SEC sues Morningstar alleging unknown changes to power ratings

Morningstar Inc. allowed credit rating analysts to adjust financial models that led to better conditions for bond issuers and in some cases less interest income for investors, the Securities and Exchange Commission claimed in a civil case on Tuesday.

The unknown adjustments were made to 30 commercial mortgage-backed securities worth $ 30 billion, the SEC said in the lawsuit in federal court in Manhattan. The SEC claims the changes are substantial, meaning investors who rely on the ratings should have been told about it.

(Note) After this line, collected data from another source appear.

(* Let $I$ be a nonzero ideal of $\mathbb{Z}[\zeta_8]$. Then there exists a generator $\alpha'$ of $I$ (i.e. $I=(\alpha')$) which is a shortest nonzero vector of $I$ under the canonical embedding, i.e. $\|\Sigma_{\mathbb{Q}(\zeta_8)}(\alpha')\|\le\|\Sigma_{\mathbb{Q}(\zeta_8)}(\gamma)\|$ for every nonzero $\gamma\in I$.
   Context: $\zeta_8=e^{2\pi i/8}$. For a number field $\mathbb{K}$ with complex embeddings $\varphi_1,\dots,\varphi_t$ (all of them), the canonical embedding is $\Sigma_{\mathbb{K}}(x)=(\varphi_1(x),\dots,\varphi_t(x))$ with $\|\Sigma_{\mathbb{K}}(x)\|^2=\sum_j|\varphi_j(x)|^2$. *)

theory Defs
  imports Complex_Main
begin

definition zeta8 :: complex where
  "zeta8 = cis (2 * pi / 8)"

definition Z8 :: "complex set" where
  "Z8 = {of_int a + of_int b * zeta8 + of_int c * zeta8 ^ 2 + of_int d * zeta8 ^ 3
         | a b c d :: int. True}"

text \<open>The complex embeddings of Q(zeta_8) restricted to Z[zeta_8]: phi_k sends zeta_8 to
  zeta_8^k, for k in {1,3,5,7}. (Well defined since 1, zeta_8, zeta_8^2, zeta_8^3 is a
  Z-basis of Z[zeta_8].)\<close>
definition emb :: "nat \<Rightarrow> complex \<Rightarrow> complex" where
  "emb k x = (THE y. \<exists>a b c d :: int.
      x = of_int a + of_int b * zeta8 + of_int c * zeta8 ^ 2 + of_int d * zeta8 ^ 3 \<and>
      y = of_int a + of_int b * zeta8 ^ k + of_int c * zeta8 ^ (2 * k) + of_int d * zeta8 ^ (3 * k))"

definition canon_norm :: "complex \<Rightarrow> real" where
  "canon_norm x = sqrt (\<Sum>k\<in>{1,3,5,7::nat}. (cmod (emb k x))\<^sup>2)"

definition is_ideal_Z8 :: "complex set \<Rightarrow> bool" where
  "is_ideal_Z8 I \<longleftrightarrow> I \<subseteq> Z8 \<and> 0 \<in> I \<and> (\<forall>x\<in>I. \<forall>y\<in>I. x + y \<in> I)
      \<and> (\<forall>r\<in>Z8. \<forall>x\<in>I. r * x \<in> I)"

definition principal_Z8 :: "complex \<Rightarrow> complex set" where
  "principal_Z8 \<alpha> = {r * \<alpha> | r. r \<in> Z8}"

end

theory Submission
  imports Defs
begin

text \<open>
  \<open>\<int>[\<zeta>\<^sub>8]\<close> is norm-Euclidean: the field norm is \<open>N(x) = |x|\<^sup>2 |\<sigma> x|\<^sup>2\<close> with
  \<open>\<sigma> = \<phi>\<^sub>3\<close>, and rounding the four coordinates of \<open>\<gamma> / \<beta>\<close> leaves a remainder of norm
  \<open>< N(\<beta>)\<close>, so every ideal is principal. Since \<open>\<phi>\<^sub>7 = cnj\<close> and \<open>\<phi>\<^sub>5 = cnj \<circ> \<sigma>\<close>,
  the squared canonical norm is \<open>2(|x|\<^sup>2 + |\<sigma> x|\<^sup>2)\<close>. Choose a generator \<open>\<alpha>\<close> minimising
  it and put \<open>p = |\<alpha>|\<^sup>2\<close>, \<open>q = |\<sigma> \<alpha>|\<^sup>2\<close>. Comparing \<open>\<alpha>\<close> with its associates
  \<open>(\<surd>2 \<plusminus> 1) \<alpha>\<close> gives \<open>(p + q)\<^sup>2 \<le> 8pq\<close>. Any other nonzero element of the ideal is
  \<open>r \<alpha>\<close> with \<open>r\<close> a unit, hence a generator, or with \<open>N(r) = |r|\<^sup>2 |\<sigma> r|\<^sup>2 \<ge> 2\<close>, and then
  by AM-GM \<open>p |r|\<^sup>2 + q |\<sigma> r|\<^sup>2 \<ge> 2 \<surd>(2pq) \<ge> p + q\<close>.
\<close>

definition z8_elem :: "int \<Rightarrow> int \<Rightarrow> int \<Rightarrow> int \<Rightarrow> complex" where
  "z8_elem a b c d = of_int a + of_int b * zeta8 + of_int c * zeta8 ^ 2 + of_int d * zeta8 ^ 3"

lemma zeta8_eq: "zeta8 = Complex (sqrt 2 / 2) (sqrt 2 / 2)"
  unfolding zeta8_def cis.ctr by (simp add: cos_45 sin_45)

lemma zeta8_squared: "zeta8 ^ 2 = \<i>"
  unfolding zeta8_eq power2_eq_square complex_eq_iff by simp

lemma zeta8_pow4: "zeta8 ^ 4 = -1"
  using power_mult[of zeta8 2 2] by (simp add: zeta8_squared)

lemma z8_elem_Complex:
  "z8_elem a b c d = Complex (a + (b - d) * sqrt 2 / 2) (c + (b + d) * sqrt 2 / 2)"
proof -
  have "zeta8 ^ 3 = \<i> * zeta8"
    by (simp add: power3_eq_cube power2_eq_square flip: zeta8_squared)
  then show ?thesis
    unfolding z8_elem_def zeta8_squared by (simp add: zeta8_eq complex_eq_iff field_simps)
qed

lemma nat_square_eq_double_square: "(b::nat)\<^sup>2 = 2 * a\<^sup>2 \<Longrightarrow> b = 0"
proof (induction b arbitrary: a rule: less_induct)
  case (less b)
  then obtain b' where b': "b = 2 * b'"
    by (metis dvd_triv_left even_mult_iff evenE pos2 power2_eq_square)
  then have "a\<^sup>2 = 2 * b'\<^sup>2"
    using less.prems by (simp add: power2_eq_square)
  then obtain a' where "a = 2 * a'"
    by (metis dvd_triv_left even_mult_iff evenE pos2 power2_eq_square)
  then have "b'\<^sup>2 = 2 * a'\<^sup>2"
    using \<open>a\<^sup>2 = 2 * b'\<^sup>2\<close> by (simp add: power2_eq_square)
  then show ?case
    using less.IH[of b' a'] b' by fastforce
qed

lemma int_linear_sqrt2_eq_0:
  assumes "real_of_int a + real_of_int b * sqrt 2 = 0"
  shows "a = 0 \<and> b = 0"
proof -
  have "real_of_int b * sqrt 2 = - a"
    using assms by linarith
  then have "(real_of_int b * sqrt 2)\<^sup>2 = (- a)\<^sup>2"
    by simp
  then have "real_of_int (a\<^sup>2) = real_of_int (2 * b\<^sup>2)"
    by (simp add: power_mult_distrib)
  then have "int ((nat \<bar>a\<bar>)\<^sup>2) = int (2 * (nat \<bar>b\<bar>)\<^sup>2)"
    by (simp only: of_int_eq_iff) simp
  then have "(nat \<bar>a\<bar>)\<^sup>2 = 2 * (nat \<bar>b\<bar>)\<^sup>2"
    by (simp only: of_nat_eq_iff)
  then have "a = 0"
    using nat_square_eq_double_square by fastforce
  then show ?thesis
    using assms by simp
qed

lemma z8_elem_eq_iff [simp]:
  "z8_elem a b c d = z8_elem a' b' c' d' \<longleftrightarrow> a = a' \<and> b = b' \<and> c = c' \<and> d = d'"
proof
  assume eq: "z8_elem a b c d = z8_elem a' b' c' d'"
  have "2 * (a - a') = 0 \<and> (b - d) - (b' - d') = 0"
    by (rule int_linear_sqrt2_eq_0)
      (use eq in \<open>simp add: z8_elem_Complex complex_eq_iff field_simps\<close>)
  moreover have "2 * (c - c') = 0 \<and> (b + d) - (b' + d') = 0"
    by (rule int_linear_sqrt2_eq_0)
      (use eq in \<open>simp add: z8_elem_Complex complex_eq_iff field_simps\<close>)
  ultimately show "a = a' \<and> b = b' \<and> c = c' \<and> d = d'"
    by auto
qed simp

lemma z8_elem_diff: "z8_elem a b c d - z8_elem a' b' c' d' = z8_elem (a - a') (b - b') (c - c') (d - d')"
  unfolding z8_elem_def by (simp add: algebra_simps)

lemma z8_elem_mult:
  "z8_elem a b c d * z8_elem a' b' c' d' =
     z8_elem (a*a' - b*d' - c*c' - d*b') (a*b' + b*a' - c*d' - d*c')
             (a*c' + b*b' + c*a' - d*d') (a*d' + b*c' + c*b' + d*a')"
  unfolding z8_elem_def of_int_add of_int_diff of_int_mult using zeta8_pow4 by algebra

lemma of_int_eq_z8_elem: "of_int n = z8_elem n 0 0 0"
  unfolding z8_elem_def by simp

lemma z8_elem_eq_0_iff [simp]: "z8_elem a b c d = 0 \<longleftrightarrow> a = 0 \<and> b = 0 \<and> c = 0 \<and> d = 0"
  using z8_elem_eq_iff[of a b c d 0 0 0 0] by (simp add: z8_elem_def)

lemma Z8_iff: "x \<in> Z8 \<longleftrightarrow> (\<exists>a b c d. x = z8_elem a b c d)"
  unfolding Z8_def z8_elem_def by auto

lemma z8_elem_in_Z8 [simp]: "z8_elem a b c d \<in> Z8"
  unfolding Z8_iff by blast

lemma Z8_cases [cases set: Z8]:
  assumes "x \<in> Z8"
  obtains a b c d where "x = z8_elem a b c d"
  using assms unfolding Z8_iff by blast

lemma Z8_diff: "x \<in> Z8 \<Longrightarrow> y \<in> Z8 \<Longrightarrow> x - y \<in> Z8"
  by (auto elim!: Z8_cases simp: z8_elem_diff)

lemma Z8_mult: "x \<in> Z8 \<Longrightarrow> y \<in> Z8 \<Longrightarrow> x * y \<in> Z8"
  by (auto elim!: Z8_cases simp: z8_elem_mult)

lemma cnj_z8_elem: "cnj (z8_elem a b c d) = z8_elem a (- d) (- c) (- b)"
  by (simp add: z8_elem_Complex complex_eq_iff algebra_simps)

lemma Z8_cnj: "x \<in> Z8 \<Longrightarrow> cnj x \<in> Z8"
  by (auto elim!: Z8_cases simp: cnj_z8_elem)

lemma emb_z8_elem:
  "emb k (z8_elem a b c d) =
     of_int a + of_int b * zeta8 ^ k + of_int c * zeta8 ^ (2 * k) + of_int d * zeta8 ^ (3 * k)"
  unfolding emb_def by (rule the_equality) (auto simp flip: z8_elem_def)

lemma emb_1: "x \<in> Z8 \<Longrightarrow> emb 1 x = x"
  by (auto elim!: Z8_cases simp: emb_z8_elem) (simp add: z8_elem_def)

lemma emb_3_z8_elem: "emb 3 (z8_elem a b c d) = z8_elem a d (- c) b"
  unfolding emb_z8_elem unfolding z8_elem_def using zeta8_pow4 by simp algebra

lemma emb_5: "x \<in> Z8 \<Longrightarrow> emb 5 x = cnj (emb 3 x)"
proof (elim Z8_cases)
  fix a b c d assume x: "x = z8_elem a b c d"
  have "emb 5 x = z8_elem a (- b) c (- d)"
    unfolding x emb_z8_elem unfolding z8_elem_def using zeta8_pow4 by simp algebra
  then show "emb 5 x = cnj (emb 3 x)"
    by (simp add: x emb_3_z8_elem cnj_z8_elem)
qed

lemma emb_7: "x \<in> Z8 \<Longrightarrow> emb 7 x = cnj x"
proof (elim Z8_cases)
  fix a b c d assume x: "x = z8_elem a b c d"
  have "emb 7 x = z8_elem a (- d) (- c) (- b)"
    unfolding x emb_z8_elem unfolding z8_elem_def using zeta8_pow4 by simp algebra
  then show "emb 7 x = cnj x"
    by (simp add: x cnj_z8_elem)
qed

lemma emb_3_Z8: "x \<in> Z8 \<Longrightarrow> emb 3 x \<in> Z8"
  by (auto elim!: Z8_cases simp: emb_3_z8_elem)

lemma emb_3_mult: "x \<in> Z8 \<Longrightarrow> y \<in> Z8 \<Longrightarrow> emb 3 (x * y) = emb 3 x * emb 3 y"
  by (auto elim!: Z8_cases simp: z8_elem_mult emb_3_z8_elem algebra_simps)

lemma emb_3_eq_0_iff: "x \<in> Z8 \<Longrightarrow> emb 3 x = 0 \<longleftrightarrow> x = 0"
  by (auto elim!: Z8_cases simp: emb_3_z8_elem)

lemma cmod_sq_z8_elem:
  "(cmod (z8_elem a b c d))\<^sup>2 =
     of_int (a\<^sup>2 + b\<^sup>2 + c\<^sup>2 + d\<^sup>2) + sqrt 2 * of_int (a*b - a*d + b*c + c*d)"
  unfolding z8_elem_Complex cmod_power2 by (simp add: power2_eq_square algebra_simps) (simp add: field_simps)

lemma cmod_sq_emb_3_z8_elem:
  "(cmod (emb 3 (z8_elem a b c d)))\<^sup>2 =
     of_int (a\<^sup>2 + b\<^sup>2 + c\<^sup>2 + d\<^sup>2) - sqrt 2 * of_int (a*b - a*d + b*c + c*d)"
  unfolding emb_3_z8_elem cmod_sq_z8_elem by (simp add: algebra_simps)

definition norm8 :: "complex \<Rightarrow> real" where
  "norm8 x = (cmod x)\<^sup>2 * (cmod (emb 3 x))\<^sup>2"

definition half_canon_sq :: "complex \<Rightarrow> real" where
  "half_canon_sq x = (cmod x)\<^sup>2 + (cmod (emb 3 x))\<^sup>2"

lemma canon_norm_eq: "x \<in> Z8 \<Longrightarrow> canon_norm x = sqrt (2 * half_canon_sq x)"
  using emb_1[of x] by (simp add: canon_norm_def half_canon_sq_def emb_5 emb_7)

lemma norm8_z8_elem:
  "norm8 (z8_elem a b c d) =
     of_int ((a\<^sup>2 + b\<^sup>2 + c\<^sup>2 + d\<^sup>2)\<^sup>2 - 2 * (a*b - a*d + b*c + c*d)\<^sup>2)"
  unfolding norm8_def cmod_sq_z8_elem cmod_sq_emb_3_z8_elem
  by (simp add: algebra_simps power2_eq_square)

Morningstar has made great efforts to become a major player in the power rating and competitor DBRS Inc. of two private equity firms for $ 669 million in 2019. In May 2020, Morningstar paid $ 3.5 million to complete a separate SEC enforcement investigation. alleges that a former credit rating division violated the rules of conflict of interest by mixing rating work with sales and marketing efforts.

Morningstar said in a statement that it follows all laws and rules. The SEC does not allege that credit ratings were set improperly, the company said. “The SEC has exceeded its restrictions on regulations by setting requirements that would regulate the content of credit rating methods,” the firm said. “Morningstar is proud of the integrity and independence of its research and analysis. Morningstar will continue to be motivated by the goal of bringing clarity and divergent opinions to market. ”

Regulators have been scrutinizing credit rating agencies and their conflicts of interest since the business was criticized for giving rosy ratings of troubled property bonds before the 2008 financial crisis. Credit rating agencies are paid by debt-selling businesses, which provide an incentive for issuers to seek the best ratings and hire a business that scores the most favorable.